In a letter sent to Secretary of State William Galvin more than two months after she originally signed the measure into law, Healey said “strong gun laws save lives.”

“This law is the state’s most significant gun safety legislation in a decade. It will make Massachusetts safer as soon as it goes into effect, including by keeping assault-style weapons that are a danger to our communities off our streets, and by keeping guns out of government buildings and courts.”

At an event last week, Healey said she decided to approve the emergency language months after she approved the bill because “this is when we were able to process it and look through it, review the legislation.”

A spokesperson for Healey did not immediately respond to a Herald inquiry Tuesday morning.

The statute that mostly took effect last week is expansive and already faces multiple legal challenges at the federal level from a local affiliate of the National Rifle Association and the owner of a gun shop in Bellingham.

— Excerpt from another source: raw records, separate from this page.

lemma qnorm_lagrange_term_le:
  assumes "int_vec x" "int_vec a" "int_vec b" "int_vec c" "int_vec d"
    and "triple_prod a b x * triple_prod c d x \<noteq> 0"
    and "norm a \<le> N" "norm b \<le> N" "norm c \<le> N" "norm d \<le> N" and "\<bar>qf A x\<bar> \<le> e"
  shows "qnorm (lagrange_term A x a b c d) \<le> 2 * e * N^4"
proof -
  let ?h = "triple_prod a b x * triple_prod c d x"
  have "?h \<in> \<int>" using assms(1-5) by (simp add: triple_prod_Ints)
  then have "1 \<le> \<bar>?h\<bar>" using assms(6) by (rule Ints_nonzero_abs_ge1)
  then have "\<bar>qf A x\<bar> / \<bar>?h\<bar> \<le> \<bar>qf A x\<bar>"
    by (simp add: divide_le_eq mult_le_cancel_left1)
  then have "\<bar>qf A x / ?h\<bar> \<le> e"
    using assms(11) by (simp add: abs_divide)
  moreover have "qnorm (prod_form (a \<times> b) (c \<times> d)) \<le> 2 * N^4"
    using assms(7-10) by (rule qnorm_prod_form_cross3_le)
  ultimately have "\<bar>qf A x / ?h\<bar> * qnorm (prod_form (a \<times> b) (c \<times> d)) \<le> e * (2 * N^4)"
    using assms(11) by (intro mult_mono) (auto simp: qnorm_nonneg)
  then show ?thesis
    unfolding lagrange_term_def by (auto intro: order_trans[OF qnorm_scaleR_le])
qed

definition interpolation_form ::
    "real^3^3 \<Rightarrow> real^3 \<Rightarrow> real^3 \<Rightarrow> real^3 \<Rightarrow> real^3 \<Rightarrow> real^3 \<Rightarrow> real^3^3" where
  "interpolation_form A p1 p2 p3 p4 p5 = sum_list
     [lagrange_term A p1 p2 p3 p4 p5, lagrange_term A p2 p1 p3 p4 p5, lagrange_term A p3 p1 p2 p4 p5,
      lagrange_term A p4 p1 p2 p3 p5, lagrange_term A p5 p1 p2 p3 p4]"

lemma general_position5_lagrange_denominators:
  assumes "general_position5 p1 p2 p3 p4 p5"
  shows "triple_prod p2 p3 p1 * triple_prod p4 p5 p1 \<noteq> 0"
    "triple_prod p1 p3 p2 * triple_prod p4 p5 p2 \<noteq> 0"
    "triple_prod p1 p2 p3 * triple_prod p4 p5 p3 \<noteq> 0"
    "triple_prod p1 p2 p4 * triple_prod p3 p5 p4 \<noteq> 0"
    "triple_prod p1 p2 p5 * triple_prod p3 p4 p5 \<noteq> 0"
  using assms triple_prod_cyclic[of p1 p2 p3] triple_prod_cyclic[of p1 p4 p5]
    triple_prod_swap_right[of p1 p2 p3] triple_prod_cyclic[of p2 p4 p5] triple_prod_cyclic[of p3 p4 p5]
    triple_prod_swap_right[of p3 p4 p5]
  unfolding general_position5_def by auto

lemma qf_interpolation_form:
  assumes "general_position5 p1 p2 p3 p4 p5"
  shows "qf (interpolation_form A p1 p2 p3 p4 p5) p1 = qf A p1"
    "qf (interpolation_form A p1 p2 p3 p4 p5) p2 = qf A p2"
    "qf (interpolation_form A p1 p2 p3 p4 p5) p3 = qf A p3"
    "qf (interpolation_form A p1 p2 p3 p4 p5) p4 = qf A p4"
    "qf (interpolation_form A p1 p2 p3 p4 p5) p5 = qf A p5"
  using general_position5_lagrange_denominators[OF assms]
  unfolding interpolation_form_def qf_sum_list by (simp_all add: qf_lagrange_term)

lemma symmetric_form_interpolation_form: "symmetric_form (interpolation_form A p1 p2 p3 p4 p5)"
  unfolding interpolation_form_def by (simp add: symmetric_form_add symmetric_form_lagrange_term)

lemma qnorm_interpolation_form_le:
  assumes gp: "general_position5 p1 p2 p3 p4 p5"
    and pts: "\<And>p. p \<in> {p1, p2, p3, p4, p5} \<Longrightarrow> int_vec p \<and> norm p \<le> N \<and> \<bar>qf A p\<bar> \<le> e"
  shows "qnorm (interpolation_form A p1 p2 p3 p4 p5) \<le> 10 * e * N^4"
proof -
  let ?Ts = "[lagrange_term A p1 p2 p3 p4 p5, lagrange_term A p2 p1 p3 p4 p5,
      lagrange_term A p3 p1 p2 p4 p5, lagrange_term A p4 p1 p2 p3 p5, lagrange_term A p5 p1 p2 p3 p4]"
  let ?P = "{p1, p2, p3, p4, p5}"
  have P: "int_vec p" "norm p \<le> N" "\<bar>qf A p\<bar> \<le> e" if "p \<in> ?P" for p
    using pts[OF that] by auto
  have bound: "qnorm (lagrange_term A x a b c d) \<le> 2 * e * N^4"
    if "x \<in> ?P" "a \<in> ?P" "b \<in> ?P" "c \<in> ?P" "d \<in> ?P"
      "triple_prod a b x * triple_prod c d x \<noteq> 0" for x a b c d
    using that(6) P[OF that(1)] P[OF that(2)] P[OF that(3)] P[OF that(4)] P[OF that(5)]
    by (intro qnorm_lagrange_term_le)
  have "\<forall>T \<in> set ?Ts. qnorm T \<le> 2 * e * N^4"
    using general_position5_lagrange_denominators[OF gp] by (simp add: bound)
  then have "sum_list (map qnorm ?Ts) \<le> sum_list (map (\<lambda>_. 2 * e * N^4) ?Ts)"
    by (intro sum_list_mono) blast
  then show ?thesis
    using qnorm_sum_list_le[of ?Ts] unfolding interpolation_form_def by simp
qed
(* Let $S=\langle P,\varphi\rangle$ be a SUT model, $t$ a strength and $N\ge1$ an integer. The optimal cost of the Partial MaxSAT instance $TPMSat_{CX}^{N,t,S}$ (defined in the context) is $|\mathcal T_a|-T(N;t,S)$.
   Context: A SUT model is $S=\langle P,\varphi\rangle$, where $P$ is a finite set of parameters, each $p\in P$ having a finite nonempty domain $d(p)$, and $\varphi$ is a propositional formula whose atoms have the form $(p=v)$ with $p\in P$, $v\in d(p)$. A test case is a full assignment $A$ giving each $p$ a value in $d(p)$ such that $\varphi$ is true when each atom $(p=v)$ is read as true iff $A(p)=v$; it is assumed that at least one test case exists. Fix a strength $t$ with $1\le t\le|P|$. A $t$-tuple is an assignment of values to exactly $t$ distinct parameters, viewed as a set of pairs $(p,v)$; a test case covers $\tau$ if it assigns $v$ to $p$ for every $(p,v)\in\tau$. A $t$-tuple is allowed if some test case covers it; $\mathcal T_a$ is the set of allowed $t$-tuples. The Tuple Number $T(N;t,S)$ is the maximum number of $t$-tuples covered (each by at least one member) by a list of $N$ test cases. $[N]=\{1,\dots,N\}$. A Partial MaxSAT instance consists of hard constraints and soft clauses $(c,w)$ with positive integer weights; its optimal cost is the minimum, over truth assignments satisfying all hard constraints, of the total weight of falsified soft clauses ($\infty$ if the hard constraints are unsatisfiable). Variables: $x_{i,p,v}$ ($i\in[N]$, $p\in P$, $v\in d(p)$), $c^i_\tau$ and $c_\tau$ ($i\in[N]$, $\tau\in\mathcal T_a$). Hard constraints of $TPMSat_{CX}^{N,t,S}$: (X) for every $i\in[N]$, $p\in P$: exactly one of $\{x_{i,p,v}:v\in d(p)\}$ is true; (SUTX) for every $i\in[N]$: the formula obtained from $\varphi$ by replacing each atom $(p=v)$ with $x_{i,p,v}$; (CX) for every $i\in[N]$, $\tau\in\mathcal T_a$, $(p,v)\in\tau$: $c^i_\tau\rightarrow x_{i,p,v}$; (RC) for every $\tau\in\mathcal T_a$: $c_\tau\leftrightarrow\bigvee_{i\in[N]}c^i_\tau$. Soft clauses (SoftC): $(c_\tau,1)$ for every $\tau\in\mathcal T_a$. *)

theory Defs
  imports Main "HOL-Library.Multiset" "HOL-Library.Extended_Nat"
begin

datatype 'a form =
    Atom 'a
  | FTrue
  | FFalse
  | Neg "'a form"
  | Conj "'a form" "'a form"
  | Disj "'a form" "'a form"
  | Imp "'a form" "'a form"
  | Iff "'a form" "'a form"
  | BigAnd "'a form list"
  | BigOr "'a form list"

fun eval :: "('a \<Rightarrow> bool) \<Rightarrow> 'a form \<Rightarrow> bool" where
  "eval I (Atom a) = I a"
| "eval I FTrue = True"
| "eval I FFalse = False"
| "eval I (Neg f) = (\<not> eval I f)"
| "eval I (Conj f g) = (eval I f \<and> eval I g)"
| "eval I (Disj f g) = (eval I f \<or> eval I g)"
| "eval I (Imp f g) = (eval I f \<longrightarrow> eval I g)"
| "eval I (Iff f g) = (eval I f \<longleftrightarrow> eval I g)"
| "eval I (BigAnd fs) = (\<forall>f\<in>set fs. eval I f)"
| "eval I (BigOr fs) = (\<exists>f\<in>set fs. eval I f)"

definition list_of_set :: "'a set \<Rightarrow> 'a list" where
  "list_of_set S = (SOME xs. distinct xs \<and> set xs = S)"

definition exactly_one :: "'a set \<Rightarrow> 'a form" where
  "exactly_one S = BigOr (map (\<lambda>a. Conj (Atom a)
      (BigAnd (map (\<lambda>b. Neg (Atom b)) (list_of_set (S - {a}))))) (list_of_set S))"

text \<open>Optimal cost: minimum over assignments satisfying all hard
  constraints of the total weight of falsified soft clauses; \<infinity> if none exists
  (Inf of the empty set of enat).\<close>
definition opt_cost :: "'x form set \<Rightarrow> ('x form \<times> nat) multiset \<Rightarrow> enat" where
  "opt_cost H S = Inf {enat (sum_mset (image_mset snd (filter_mset (\<lambda>(c,w). \<not> eval I c) S)))
                       | I. \<forall>h\<in>H. eval I h}"

definition sut_model :: "'p set \<Rightarrow> ('p \<Rightarrow> 'v set) \<Rightarrow> ('p \<times> 'v) form \<Rightarrow> bool" where
  "sut_model P d \<phi> \<longleftrightarrow> finite P \<and> (\<forall>p\<in>P. finite (d p) \<and> d p \<noteq> {})
     \<and> (\<forall>(p,v)\<in>set_form \<phi>. p \<in> P \<and> v \<in> d p)"

definition test_case :: "'p set \<Rightarrow> ('p \<Rightarrow> 'v set) \<Rightarrow> ('p \<times> 'v) form \<Rightarrow> ('p \<Rightarrow> 'v) \<Rightarrow> bool" where
  "test_case P d \<phi> A \<longleftrightarrow> (\<forall>p\<in>P. A p \<in> d p) \<and> eval (\<lambda>(p,v). A p = v) \<phi>"

text \<open>A t-tuple: an assignment of values to exactly t distinct parameters, as a set of pairs.\<close>
definition t_tuple :: "'p set \<Rightarrow> ('p \<Rightarrow> 'v set) \<Rightarrow> nat \<Rightarrow> ('p \<times> 'v) set \<Rightarrow> bool" where
  "t_tuple P d t \<tau> \<longleftrightarrow> \<tau> \<subseteq> {(p,v). p \<in> P \<and> v \<in> d p} \<and> finite \<tau> \<and> card \<tau> = t \<and> inj_on fst \<tau>"

definition covers :: "('p \<Rightarrow> 'v) \<Rightarrow> ('p \<times> 'v) set \<Rightarrow> bool" where
  "covers A \<tau> \<longleftrightarrow> (\<forall>(p,v)\<in>\<tau>. A p = v)"

definition allowed_tuples :: "'p set \<Rightarrow> ('p \<Rightarrow> 'v set) \<Rightarrow> ('p \<times> 'v) form \<Rightarrow> nat \<Rightarrow> ('p \<times> 'v) set set" where
  "allowed_tuples P d \<phi> t = {\<tau>. t_tuple P d t \<tau> \<and> (\<exists>A. test_case P d \<phi> A \<and> covers A \<tau>)}"

definition covered_tuples :: "'p set \<Rightarrow> ('p \<Rightarrow> 'v set) \<Rightarrow> nat \<Rightarrow> ('p \<Rightarrow> 'v) list \<Rightarrow> ('p \<times> 'v) set set" where
  "covered_tuples P d t L = {\<tau>. t_tuple P d t \<tau> \<and> (\<exists>A\<in>set L. covers A \<tau>)}"

definition tuple_number :: "nat \<Rightarrow> nat \<Rightarrow> 'p set \<Rightarrow> ('p \<Rightarrow> 'v set) \<Rightarrow> ('p \<times> 'v) form \<Rightarrow> nat" where
  "tuple_number N t P d \<phi> = Max {card (covered_tuples P d t L) | L.
       length L = N \<and> (\<forall>A\<in>set L. test_case P d \<phi> A)}"

datatype ('p,'v) mvar =
    XVar nat 'p 'v
  | CIVar nat "('p \<times> 'v) set"
  | CVar "('p \<times> 'v) set"

definition hard_X :: "nat \<Rightarrow> 'p set \<Rightarrow> ('p \<Rightarrow> 'v set) \<Rightarrow> ('p,'v) mvar form set" where
  "hard_X N P d = {exactly_one {XVar i p v | v. v \<in> d p} | i p. i \<in> {1..N} \<and> p \<in> P}"

definition hard_SUTX :: "nat \<Rightarrow> ('p \<times> 'v) form \<Rightarrow> ('p,'v) mvar form set" where
  "hard_SUTX N \<phi> = {map_form (\<lambda>(p,v). XVar i p v) \<phi> | i. i \<in> {1..N}}"

definition hard_CX :: "nat \<Rightarrow> ('p \<times> 'v) set set \<Rightarrow> ('p,'v) mvar form set" where
  "hard_CX N Ta = {Imp (Atom (CIVar i \<tau>)) (Atom (XVar i p v)) | i \<tau> p v.
                     i \<in> {1..N} \<and> \<tau> \<in> Ta \<and> (p,v) \<in> \<tau>}"

definition hard_RC :: "nat \<Rightarrow> ('p \<times> 'v) set set \<Rightarrow> ('p,'v) mvar form set" where
  "hard_RC N Ta = {Iff (Atom (CVar \<tau>)) (BigOr (map (\<lambda>i. Atom (CIVar i \<tau>)) [1..<N+1])) | \<tau>. \<tau> \<in> Ta}"

definition TPMSat_CX_hard :: "nat \<Rightarrow> nat \<Rightarrow> 'p set \<Rightarrow> ('p \<Rightarrow> 'v set) \<Rightarrow> ('p \<times> 'v) form
    \<Rightarrow> ('p,'v) mvar form set" where
  "TPMSat_CX_hard N t P d \<phi> =
     (let Ta = allowed_tuples P d \<phi> t in
      hard_X N P d \<union> hard_SUTX N \<phi> \<union> hard_CX N Ta \<union> hard_RC N Ta)"

definition TPMSat_CX_soft :: "nat \<Rightarrow> nat \<Rightarrow> 'p set \<Rightarrow> ('p \<Rightarrow> 'v set) \<Rightarrow> ('p \<times> 'v) form
    \<Rightarrow> (('p,'v) mvar form \<times> nat) multiset" where
  "TPMSat_CX_soft N t P d \<phi> = image_mset (\<lambda>\<tau>. (Atom (CVar \<tau>), 1)) (mset_set (allowed_tuples P d \<phi> t))"

end

theory Submission
  imports Defs
begin

text \<open>A model of the hard constraints is the same thing as N test cases (read off from the
  variables x) together with flags: c^i_\<tau> may only be set if the i-th test case covers \<tau>,
  and c_\<tau> is their disjunction. Hence the true soft clauses of a model are among the tuples
  covered by its N test cases, and the canonical model of any N test cases makes exactly the
  covered tuples true. The optimal cost is therefore |T_a| minus the largest coverage, i.e.
  |T_a| - T(N;t,S).\<close>

lemma set_conv_nth_from_1: "set xs = (\<lambda>i. xs ! (i - 1)) ` {1..length xs}"
proof -
  have "{1..length xs} = Suc ` {..<length xs}" by (simp add: image_Suc_lessThan)
  then show ?thesis by (auto simp: image_image in_set_conv_nth)
qed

Its implementation also comes as Massachusetts continues to see fatal shootings, including one in Worcester last week in which I-90 was closed after an armed man killed a person at a home and then turned a gun on himself while on the highway.

A man was also killed and three others injured after a Monday night shooting in Roxbury, according to police.

It is incidents like those that make clear the need for additional reforms on top of an “already strong baseline of legislation to keep us safe from gun violence,” said Ruth Zakarin, the CEO of the Massachusetts Coalition to Prevent Gun Violence.

The law bans people under 21 from owning semiautomatic rifles or shotguns, outlaws untraceable firearms known as “ghost guns,” expands who can petition the court for an extreme risk protection order, bars carrying weapons in certain places, and sets up a group to study funding for community violence intervention programs.

Lawmakers also worked in a range of new training and licensing requirements like the need for live fire training, though the Legislature took steps last month to delay some of their implementation dates after acknowledging drafting mistakes.

Zakarin said if the law is repealed, officials will have a harder time keeping “more people safe from gun violence.”

“It’s going to be a job to balance the Constitutional rights along with the right to safety. But we don’t feel that there’s anything in this that’s an overreach. We feel like this is a very reasonable and measured approach to really thinking about access to guns and the proliferation of guns in our communities,” Zakarin told the Herald Tuesday morning.

But gun groups have said the law makes it harder for gun shop owners to stay in business, potentially incriminates everyday citizens who own firearms, and makes the licensing process unduly complicated.

Leary said collecting enough signatures to advance a referendum on the statute is “just the beginning of a campaign that will empower Massachusetts voters to stand up for their rights.”

“We will not rest until the civil rights of the people are respected and this law is overturned,” he said in his statement.